I came across this foundation and their figures (compiled in the Global Slavery Index) in an article from The Economist. You can see the following graphic published in the newspaper:

Graphic from The Economist, source: Walk Free foundation,

Graphic from The Economist, source: Walk Free foundation.

About at the same time I received a letter from the Africa Programme coordinator of another foundation I contribute to, Anti-Slavery (of which I have written before).

The letter tells the story of Ibrahim, a former slave from Mauritania. He was born a slave and found himself alone when his mother and siblings fled from their holder. When Ibrahim grew older, the master brought a woman-slave to mate Ibrahim so he would find it more difficult to leave a family behind. He nevertheless escaped. Ibrahim has tried to free his family without success. He found little help from local authorities and was beaten up in one of his tries.
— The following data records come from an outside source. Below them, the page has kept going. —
lemma nn_integral_layer_kernel:
  fixes p y :: real
  assumes p: "1 < p" and y: "0 \<le> y"
  shows "(\<integral>\<^sup>+r. layer_kernel p r * ennreal (y - r) \<partial>lborel) = ennreal (y powr p)"
proof -
  have "layer_kernel p r * ennreal (y - r) = ennreal (p * (p - 1) * r powr (p - 2) * (y - r)) * indicator {0..y} r" for r
  proof (cases "0 < r \<and> r \<le> y")
    case True
    then show ?thesis
      using p by (simp add: layer_kernel_def ennreal_mult'[symmetric] mult.assoc)
  next
    case False
    then show ?thesis
      by (cases "0 < r") (auto simp: layer_kernel_def indicator_def ennreal_neg)
  qed
  then have "(\<integral>\<^sup>+r. layer_kernel p r * ennreal (y - r) \<partial>lborel) =
      (\<integral>\<^sup>+r. ennreal (p * (p - 1) * r powr (p - 2) * (y - r)) * indicator {0..y} r \<partial>lborel)"
    by simp
  also have "\<dots> = ennreal (y powr p)"
    using p by (intro nn_integral_has_integral_lebesgue'[OF _ layer_kernel_has_integral[OF p y]]) auto
  finally show ?thesis .
qed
Anti-Slavery role in the story is to help Ibrahim and others in his situation seek justice, to support them and help them rebuild their lives. Ibrahim is now receiving legal assistance so he can file criminal charges against his former master.

I normally don’t like very much when I receive letters from the charities and NGO’s I already support. My first thought is “if I already collaborate with you, save those euros of paper, envelopes, stamps, etc., and direct them to either projects or outreach towards people who don’t support you yet!”. This time I thought it twice and decided to try to voice the cause further.

Two final figures from that letter: it costs £48 to provide emergency accommodation for a month for a family released from slavery, and as little as £6 to provide a training session for a local support worker.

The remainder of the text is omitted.